Una mostra con opere che partono dagli anni Settanta fino ai giorni nostri e che tracciano un percorso iconografico dal vivo di grande interesse, riprodotto nel libro annesso (e connesso) che diventa, così, una specie di racconto illustrato di cultura e di vita. Insieme con il protagonista di questo viaggio si confronteranno il critico d’arte Francesco Gallo Mazzeo, l’assessore provinciale alla cultura Carlo Falato, il direttore del quotidiano “Il Denaro” Alfonso Ruffo e il presidente del Premio Penisola Sorrentina Mario Esposito.
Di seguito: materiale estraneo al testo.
text \<open>If \<open>x < y\<close> were consecutive roots, \<open>p\<close> would be positive just right of \<open>x\<close> and negative
  just left of \<open>y\<close>, so the intermediate value theorem would give a root in between.\<close>
lemma roots_unique_if_pderiv_pos:
  fixes p :: "real poly"
  assumes "p \<noteq> 0" and pderiv_pos: "\<And>x. poly p x = 0 \<Longrightarrow> poly (pderiv p) x > 0"
    and "poly p x = 0" "poly p y = 0"
  shows "x = y"
proof (rule ccontr)
  assume "x \<noteq> y"
  then obtain x1 x2 where root1: "poly p x1 = 0" and root2: "poly p x2 = 0" and "x1 < x2"
    using assms(3,4) by (metis linorder_neq_iff)
  define R where "R = {r. poly p r = 0 \<and> x1 < r \<and> r \<le> x2}"
  have "finite R"
    unfolding R_def by (rule finite_subset[OF _ poly_roots_finite[OF \<open>p \<noteq> 0\<close>]]) auto
  moreover have "x2 \<in> R"
    using root2 \<open>x1 < x2\<close> by (simp add: R_def)
  ultimately have "Min R \<in> R"
    by (intro Min_in) auto
  have R_min: "\<And>r. r \<in> R \<Longrightarrow> Min R \<le> r"
    using \<open>finite R\<close> by simp
  define z where "z = Min R"
  have root_z: "poly p z = 0" and "x1 < z"
    using \<open>Min R \<in> R\<close> by (auto simp: R_def z_def)
  obtain d1 where "d1 > 0" and d1: "\<And>h. 0 < h \<Longrightarrow> h < d1 \<Longrightarrow> poly p x1 < poly p (x1 + h)"
    using DERIV_pos_inc_right[OF poly_DERIV pderiv_pos[OF root1]] by blast
  obtain h1 where "0 < h1" "h1 < d1" "h1 < z - x1"
    using field_lbound_gt_zero[of d1 "z - x1"] \<open>d1 > 0\<close> \<open>x1 < z\<close> by auto
  define u where "u = x1 + h1"
  have "x1 < u" "u < z" "poly p u > 0"
    using d1 \<open>0 < h1\<close> \<open>h1 < d1\<close> \<open>h1 < z - x1\<close> root1 by (auto simp: u_def)
  obtain d2 where "d2 > 0" and d2: "\<And>h. 0 < h \<Longrightarrow> h < d2 \<Longrightarrow> poly p (z - h) < poly p z"
    using DERIV_pos_inc_left[OF poly_DERIV pderiv_pos[OF root_z]] by blast
  obtain h2 where "0 < h2" "h2 < d2" "h2 < z - u"
    using field_lbound_gt_zero[of d2 "z - u"] \<open>d2 > 0\<close> \<open>u < z\<close> by auto
  define v where "v = z - h2"
  have "u < v" "v < z" "poly p v < 0"
    using d2 \<open>0 < h2\<close> \<open>h2 < d2\<close> \<open>h2 < z - u\<close> root_z by (auto simp: v_def)
  then obtain w where "u < w" "w < v" "poly p w = 0"
    using poly_IVT_neg \<open>poly p u > 0\<close> by blast
  then have "w \<in> R"
    using \<open>x1 < u\<close> \<open>v < z\<close> \<open>Min R \<in> R\<close> by (auto simp: R_def z_def)
  then show False
    using R_min \<open>w < v\<close> \<open>v < z\<close> unfolding z_def by fastforce
qed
E’ stato necessario un lungo lavoro per assemblare il volume – si legge nella nota diffusa alla stampa – e concepire una mostra globale; mettere insieme carte, ritagli di giornali; decifrare grafie, trascrivere articoli, selezionare interventi. “Oro Petrolio Alchimie” è una specie di “tourbook” di un pittore composto da ininterrotti dialoghi, foto, documenti, testimonianze che consentono di conoscere più da vicino Giuseppe Leone e il suo sguardo sul mondo.
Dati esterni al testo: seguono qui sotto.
(* Let $1\le p\le q\le\infty$ and let $E$ be a locally convex space in which every bounded sequence has a weakly Cauchy subsequence. Then $E$ has the $spGP_{(p,q)}$ property if and only if every weakly null sequence $(x_n)$ in $E$ whose range $\{x_n:n\in\omega\}$ is a $(p,q)$-limited set converges to $0$ in $E$ (i.e., the identity map of $E$ is $(p,q)$-limited $\infty$-convergent).
   Context: For $A\subseteq E$ and $\chi\in E'$, $\|\chi\|_A:=\sup\{|\chi(x)|:x\in A\cup\{0\}\}$. A sequence $(\chi_n)$ in $E'$ is weak$^*$ $p$-summable if $(\chi_n(x))_n\in\ell_p$ for every $x\in E$ (in $c_0$ if $p=\infty$). A nonempty $A\subseteq E$ is $(p,q)$-limited if for every weak$^*$ $p$-summable $(\chi_n)$ in $E'$, $(\|\chi_n\|_A)_n\in\ell_q$ if $q<\infty$ and $\|\chi_n\|_A\to0$ if $q=\infty$. $E$ has the $spGP_{(p,q)}$ property if every $(p,q)$-limited subset of $E$ is sequentially precompact (every sequence in it has a subsequence that is Cauchy in $E$). *)

theory Defs
  imports "HOL-Analysis.Analysis"
begin

text \<open>A (Hausdorff, real) locally convex space is represented by a real vector space
  together with a separating family of seminorms P :: 'i => 'a => real generating its topology.\<close>

definition seminorm :: "('a::real_vector \<Rightarrow> real) \<Rightarrow> bool" where
  "seminorm q \<longleftrightarrow> (\<forall>x y. q (x + y) \<le> q x + q y) \<and> (\<forall>c x. q (c *\<^sub>R x) = \<bar>c\<bar> * q x)"

definition lcs :: "('i \<Rightarrow> 'a::real_vector \<Rightarrow> real) \<Rightarrow> bool" where
  "lcs P \<longleftrightarrow> (\<forall>i. seminorm (P i)) \<and> (\<forall>x. x \<noteq> 0 \<longrightarrow> (\<exists>i. P i x \<noteq> 0))"

text \<open>Topological dual E': linear functionals continuous for the seminorm topology.\<close>
definition dual :: "('i \<Rightarrow> 'a::real_vector \<Rightarrow> real) \<Rightarrow> ('a \<Rightarrow> real) set" where
  "dual P = {f. linear f \<and> (\<exists>F C. finite F \<and> (\<forall>x. \<bar>f x\<bar> \<le> C * (\<Sum>i\<in>F. P i x)))}"

definition lcs_cauchy :: "('i \<Rightarrow> 'a::real_vector \<Rightarrow> real) \<Rightarrow> (nat \<Rightarrow> 'a) \<Rightarrow> bool" where
  "lcs_cauchy P x \<longleftrightarrow> (\<forall>i. \<forall>e>0. \<exists>N. \<forall>m\<ge>N. \<forall>n\<ge>N. P i (x m - x n) < e)"

definition lcs_null :: "('i \<Rightarrow> 'a::real_vector \<Rightarrow> real) \<Rightarrow> (nat \<Rightarrow> 'a) \<Rightarrow> bool" where
  "lcs_null P x \<longleftrightarrow> (\<forall>i. (\<lambda>n. P i (x n)) \<longlonglongrightarrow> 0)"

definition lcs_bounded_seq :: "('i \<Rightarrow> 'a::real_vector \<Rightarrow> real) \<Rightarrow> (nat \<Rightarrow> 'a) \<Rightarrow> bool" where
  "lcs_bounded_seq P x \<longleftrightarrow> (\<forall>i. \<exists>C. \<forall>n. P i (x n) \<le> C)"

definition weakly_cauchy :: "('i \<Rightarrow> 'a::real_vector \<Rightarrow> real) \<Rightarrow> (nat \<Rightarrow> 'a) \<Rightarrow> bool" where
  "weakly_cauchy P x \<longleftrightarrow> (\<forall>f\<in>dual P. Cauchy (\<lambda>n. f (x n)))"

definition weakly_null :: "('i \<Rightarrow> 'a::real_vector \<Rightarrow> real) \<Rightarrow> (nat \<Rightarrow> 'a) \<Rightarrow> bool" where
  "weakly_null P x \<longleftrightarrow> (\<forall>f\<in>dual P. (\<lambda>n. f (x n)) \<longlonglongrightarrow> 0)"

text \<open>Membership in l_p for p < infinity, in c_0 for p = infinity.\<close>
definition in_lp :: "ereal \<Rightarrow> (nat \<Rightarrow> real) \<Rightarrow> bool" where
  "in_lp p a \<longleftrightarrow> (if p = \<infinity> then a \<longlonglongrightarrow> 0 else summable (\<lambda>n. \<bar>a n\<bar> powr real_of_ereal p))"

definition weak_star_summable :: "('i \<Rightarrow> 'a::real_vector \<Rightarrow> real) \<Rightarrow> ereal \<Rightarrow> (nat \<Rightarrow> 'a \<Rightarrow> real) \<Rightarrow> bool" where
  "weak_star_summable P p chi \<longleftrightarrow> (\<forall>n. chi n \<in> dual P) \<and> (\<forall>x. in_lp p (\<lambda>n. chi n x))"

definition sup_on :: "'a set \<Rightarrow> ('a::real_vector \<Rightarrow> real) \<Rightarrow> ereal" where
  "sup_on A chi = (SUP x\<in>A \<union> {0}. ereal \<bar>chi x\<bar>)"

definition pq_limited :: "('i \<Rightarrow> 'a::real_vector \<Rightarrow> real) \<Rightarrow> ereal \<Rightarrow> ereal \<Rightarrow> 'a set \<Rightarrow> bool" where
  "pq_limited P p q A \<longleftrightarrow> A \<noteq> {} \<and>
     (\<forall>chi. weak_star_summable P p chi \<longrightarrow>
        (\<forall>n. sup_on A (chi n) \<noteq> \<infinity>) \<and> in_lp q (\<lambda>n. real_of_ereal (sup_on A (chi n))))"

definition seq_precompact :: "('i \<Rightarrow> 'a::real_vector \<Rightarrow> real) \<Rightarrow> 'a set \<Rightarrow> bool" where
  "seq_precompact P A \<longleftrightarrow> (\<forall>x::nat \<Rightarrow> 'a. (\<forall>n. x n \<in> A) \<longrightarrow> (\<exists>r::nat \<Rightarrow> nat. strict_mono r \<and> lcs_cauchy P (x \<circ> r)))"

definition spGP :: "('i \<Rightarrow> 'a::real_vector \<Rightarrow> real) \<Rightarrow> ereal \<Rightarrow> ereal \<Rightarrow> bool" where
  "spGP P p q \<longleftrightarrow> (\<forall>A. pq_limited P p q A \<longrightarrow> seq_precompact P A)"

end

theory Submission
  imports Defs
begin

text \<open>A weakly null Cauchy sequence is null: a Hahn--Banach functional f norming \<open>x\<^sub>m\<close> for a
  seminorm \<open>p\<^sub>i\<close> gives \<open>p\<^sub>i(x\<^sub>m) \<le> p\<^sub>i(x\<^sub>m - x\<^sub>n) + f(x\<^sub>n)\<close>, and \<open>f(x\<^sub>n) \<rightarrow> 0\<close>. So if
  (p,q)-limited sets are sequentially precompact, every subsequence of a weakly null sequence with
  (p,q)-limited range has a null subsequence, and the sequence is null.

  Conversely, (p,q)-limitedness passes to sets of combinations \<open>s u + t v\<close> with u, v in the set
  and \<open>\<bar>s\<bar> + \<bar>t\<bar> \<le> 1\<close>. A (p,q)-limited set is weakly bounded, so scaling an unbounded sequence
  in it by \<open>1/(k+1)\<close> along a subsequence would produce a weakly null sequence with (p,q)-limited
  range that is not null. Hence the set is bounded, each sequence in it has a weakly Cauchy
  subsequence, and the half-differences of that subsequence are weakly null with (p,q)-limited
  range, hence null, which is the Cauchy property.\<close>

lemma seminorm_zero: "seminorm q \<Longrightarrow> q 0 = 0"
  unfolding seminorm_def by (metis abs_zero mult_zero_left scaleR_zero_left)

lemma seminorm_minus: "seminorm q \<Longrightarrow> q (- x) = q x"
  unfolding seminorm_def by (metis abs_minus_cancel abs_one mult_1 scaleR_minus1_left)

lemma seminorm_triangle: "seminorm q \<Longrightarrow> q (x + y) \<le> q x + q y"
  unfolding seminorm_def by blast

lemma seminorm_scaleR: "seminorm q \<Longrightarrow> q (c *\<^sub>R x) = \<bar>c\<bar> * q x"
  unfolding seminorm_def by blast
Non si tratta solo di un pittore, ma di un artista che ha maturato in sé e con sé forti accenti, passando per la poesia, l’antropologia culturale, la psicanalisi, il mito, in un succedersi continuo di cicli dove il colore e la parola sono diventati di volta in volta materia, specchio, richiamo.
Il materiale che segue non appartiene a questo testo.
lemma dft_tuple_eq_imp_eq:
  assumes "\<And>\<xi>. \<xi> \<in> PiE {1..m} (\<lambda>_. grp r a) \<Longrightarrow> dft_tuple r a m F \<xi> = dft_tuple r a m F' \<xi>"
    and xs: "\<forall>i\<in>{1..m}. xs i \<in> grp r a"
  shows "F (restrict xs {1..m}) = F' (restrict xs {1..m})"
proof -
  have "of_nat (card (grp r a)) ^ m * F (restrict xs {1..m})
      = (\<Sum>\<xi>\<in>PiE {1..m} (\<lambda>_. grp r a). dft_tuple r a m F \<xi> * (\<Prod>i=1..m. chi r a (\<xi> i) (xs i)))"
    by (rule dft_tuple_inversion[OF xs, symmetric])
  also have "\<dots> = (\<Sum>\<xi>\<in>PiE {1..m} (\<lambda>_. grp r a). dft_tuple r a m F' \<xi> * (\<Prod>i=1..m. chi r a (\<xi> i) (xs i)))"
    using assms(1) by (intro sum.cong) auto
  also have "\<dots> = of_nat (card (grp r a)) ^ m * F' (restrict xs {1..m})"
    by (rule dft_tuple_inversion[OF xs])
  finally have "of_nat (card (grp r a)) ^ m * F (restrict xs {1..m})
      = of_nat (card (grp r a)) ^ m * F' (restrict xs {1..m})" .
  moreover have "grp r a \<noteq> {}"
    using gzero_in_grp by blast
  ultimately show ?thesis by simp
qed

lemma dft_tuple_autocorr:
  assumes zero_sum: "gsum r a \<xi> (Suc m) = gzero"
  shows "dft_tuple r a m (autocorr r a (Suc m) h) \<xi> = (\<Prod>i=1..Suc m. dft r a h (\<xi> i))"
proof -
  let ?G = "grp r a" let ?PG = "PiE {1..m} (\<lambda>_. grp r a)"
  have chi_last: "(\<Prod>i=1..m. chi r a (\<xi> i) y) = cnj (chi r a (\<xi> (Suc m)) y)" for y
    unfolding prod_chi_eq_chi_gsum
    by (rule chi_eq_cnj_if_gadd_eq_gzero) (use zero_sum in simp)
  have "dft_tuple r a m (autocorr r a (Suc m) h) \<xi>
      = (\<Sum>y\<in>?G. h y * (\<Sum>xs\<in>?PG. \<Prod>i=1..m. h (gadd r a y (xs i)) * cnj (chi r a (\<xi> i) (xs i))))"
    unfolding dft_tuple_def autocorr_def diff_Suc_1 sum_distrib_right
    by (subst sum.swap) (simp add: sum_distrib_left prod.distrib mult_ac)
  also have "\<dots> = (\<Sum>y\<in>?G. h y * (\<Prod>i=1..m. \<Sum>x\<in>?G. h (gadd r a y x) * cnj (chi r a (\<xi> i) x)))"
    by (intro sum.cong refl arg_cong2[where f="(*)"] prod_sum_PiE[symmetric]) auto
  also have "\<dots> = (\<Sum>y\<in>?G. h y * ((\<Prod>i=1..m. chi r a (\<xi> i) y) * (\<Prod>i=1..m. dft r a h (\<xi> i))))"
    by (simp add: sum_translate_mult_cnj_chi prod.distrib)
  also have "\<dots> = dft r a h (\<xi> (Suc m)) * (\<Prod>i=1..m. dft r a h (\<xi> i))"
    unfolding chi_last dft_def by (simp add: sum_distrib_right mult_ac)
  also have "\<dots> = (\<Prod>i=1..Suc m. dft r a h (\<xi> i))"
    by (simp add: prod.nat_ivl_Suc')
  finally show ?thesis .
qed

lemma dft_prod_eq_if_autocorr_eq:
  assumes same_autocorr: "\<forall>xs. (\<forall>i\<in>{1..m}. xs i \<in> grp r a) \<longrightarrow>
      autocorr r a (Suc m) f xs = autocorr r a (Suc m) g xs"
    and zero_sum: "gsum r a \<xi> (Suc m) = gzero"
  shows "(\<Prod>i=1..Suc m. dft r a f (\<xi> i)) = (\<Prod>i=1..Suc m. dft r a g (\<xi> i))"
proof -
  have "dft_tuple r a m (autocorr r a (Suc m) f) \<xi> = dft_tuple r a m (autocorr r a (Suc m) g) \<xi>"
    unfolding dft_tuple_def
  proof (intro sum.cong refl arg_cong2[where f="(*)"])
    fix xs assume "xs \<in> PiE {1..m} (\<lambda>_. grp r a)"
    then show "autocorr r a (Suc m) f xs = autocorr r a (Suc m) g xs"
      using same_autocorr by (simp add: PiE_iff)
  qed
  then show ?thesis by (simp only: dft_tuple_autocorr[OF zero_sum])
qed

lemma autocorr_eq_if_dft_prod_eq:
  assumes same_dft: "\<forall>\<xi>. (\<forall>i\<in>{1..Suc m}. \<xi> i \<in> grp r a) \<and> gsum r a \<xi> (Suc m) = gzero \<longrightarrow>
      (\<Prod>i=1..Suc m. dft r a f (\<xi> i)) = (\<Prod>i=1..Suc m. dft r a g (\<xi> i))"
    and xs: "\<forall>i\<in>{1..m}. xs i \<in> grp r a"
  shows "autocorr r a (Suc m) f xs = autocorr r a (Suc m) g xs"
proof -
  have "dft_tuple r a m (autocorr r a (Suc m) f) \<xi> = dft_tuple r a m (autocorr r a (Suc m) g) \<xi>"
    if "\<xi> \<in> PiE {1..m} (\<lambda>_. grp r a)" for \<xi>
  proof -
    define \<xi>' where "\<xi>' = \<xi>(Suc m := gneg r a (gsum r a \<xi> m))"
    have zero_sum: "gsum r a \<xi>' (Suc m) = gzero"
      unfolding \<xi>'_def by (rule gsum_Suc_gneg_eq_gzero)
    have "\<forall>i\<in>{1..Suc m}. \<xi>' i \<in> grp r a"
      using that gneg_in_grp by (auto simp: \<xi>'_def PiE_iff)
    then have "dft_tuple r a m (autocorr r a (Suc m) f) \<xi>' = dft_tuple r a m (autocorr r a (Suc m) g) \<xi>'"
      using same_dft zero_sum by (simp only: dft_tuple_autocorr[OF zero_sum])
    moreover have "dft_tuple r a m F \<xi> = dft_tuple r a m F \<xi>'" for F
      by (rule dft_tuple_cong) (simp add: \<xi>'_def)
    ultimately show ?thesis by simp
  qed
  then have "autocorr r a (Suc m) f (restrict xs {1..m}) = autocorr r a (Suc m) g (restrict xs {1..m})"
    using xs by (rule dft_tuple_eq_imp_eq)
  then show ?thesis by (simp only: autocorr_restrict)
qed

end

theorem corollary1:
  fixes r :: nat and a :: "nat \<Rightarrow> int" and f g :: "(nat \<Rightarrow> int) \<Rightarrow> complex" and n :: nat
  assumes "\<forall>k\<in>{1..r}. a k \<ge> 1"
    and "n \<ge> 1"
  shows "(\<forall>xs. (\<forall>i\<in>{1..n-1}. xs i \<in> grp r a) \<longrightarrow> autocorr r a n f xs = autocorr r a n g xs)
     \<longleftrightarrow> (\<forall>xs. (\<forall>i\<in>{1..n}. xs i \<in> grp r a) \<and> gsum r a xs n = gzero \<longrightarrow>
            (\<Prod>i=1..n. dft r a f (xs i)) = (\<Prod>i=1..n. dft r a g (xs i)))"
proof -
  obtain m where n: "n = Suc m" using assms(2) by (cases n) auto
  show ?thesis
    unfolding n diff_Suc_1
    using dft_prod_eq_if_autocorr_eq[OF assms(1)] autocorr_eq_if_dft_prod_eq[OF assms(1)]
    by blast
qed

end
Un documento che è anche una sorta di prontuario culturale; un libro di viaggi, un diario di bordo attraverso cui ricostruire tendenze, modi di esprimersi, linguaggi, idee, un racconto a più voci, in cui probabilmente c’è Peppe, prima di Leone. Non è questa solo la cifra confidenziale, il nome con cui tutti l’hanno conosciuto e lo continuano a chiamare; quanto l’esempio dell’ umiltà con cui egli si pone sempre in ascolto verso l’altro: il suo interlocutore, il suo critico, il suo allievo, il suo lettore. “Dipingi Giuseppe, conservami la Luna”, scriveva infatti Michele Sovente che per anni lavorò con lui in un’opera di scavo interiore e di confronto, negli anni fulgidi e intensi di una città “borderline” come Napoli dove cronaca e memoria affollavano i loro archetipi. In 250 pagine in cui i profili hanno un nome (e sono tantissimi, più di quaranta: da quello di Bruno Corà a quello di Luciano Caramel, da Michele Sovente ad Arnoldo Mosca Mondadori, da Luciano Caruso a Vitaliano Corbi,da Michele Buonuomo ad Arcangelo Izzo,a Massimo Bignardi fino a Fabio Donato autore di scatti, che permettono alle pagine di conoscere un nuovo spazio) si ritrovano allora i sentimenti del tempo e del custodire, del naturale modo di condividere che l’arte di Leone è sempre riuscita a fare sul crocevia culturale della sperimentazione e dell’incontro tra inconscio e magia. Un libro quindi non fatto per sé stessi, ma per gli altri e con gli altri, in cui Giuseppe Leone viene fuori sia direttamente che indirettamente, ma sempre senza nessuno sforzo, in maniera nitida, magnetica, unica come del resto è lui: un Salgari dell’arte visiva che – come capitò al famoso scrittore di narrare dell’India senza esservi mai stato – con le sue opere, i suoi colori, le sue installazioni in qualche modo narra e ricostruisce aneddoti, vissuti, esperienze profonde e complesse. E questo non fa altro che dimostrare – qualora ce ne fosse ancora bisogno – la sua capacità di ascoltare sia le persone che le storie, e il suo sorprendente modo di leggere i fatti e gli avvenimenti intorno a noi. Non a caso il libro è dedicato “a tutte quelle persone che hanno fatto di me ciò che sono”. Un’opera quindi che affascina, incuriosisce. E che-dopo essersi fatta sfogliare o leggere- lascia curiosi. Questa curiosità che Leone è riuscito ad accendere è il segno appunto che il volume è riuscito bene, come la bolla sul braccio è il segno che il vaccino “ha preso”.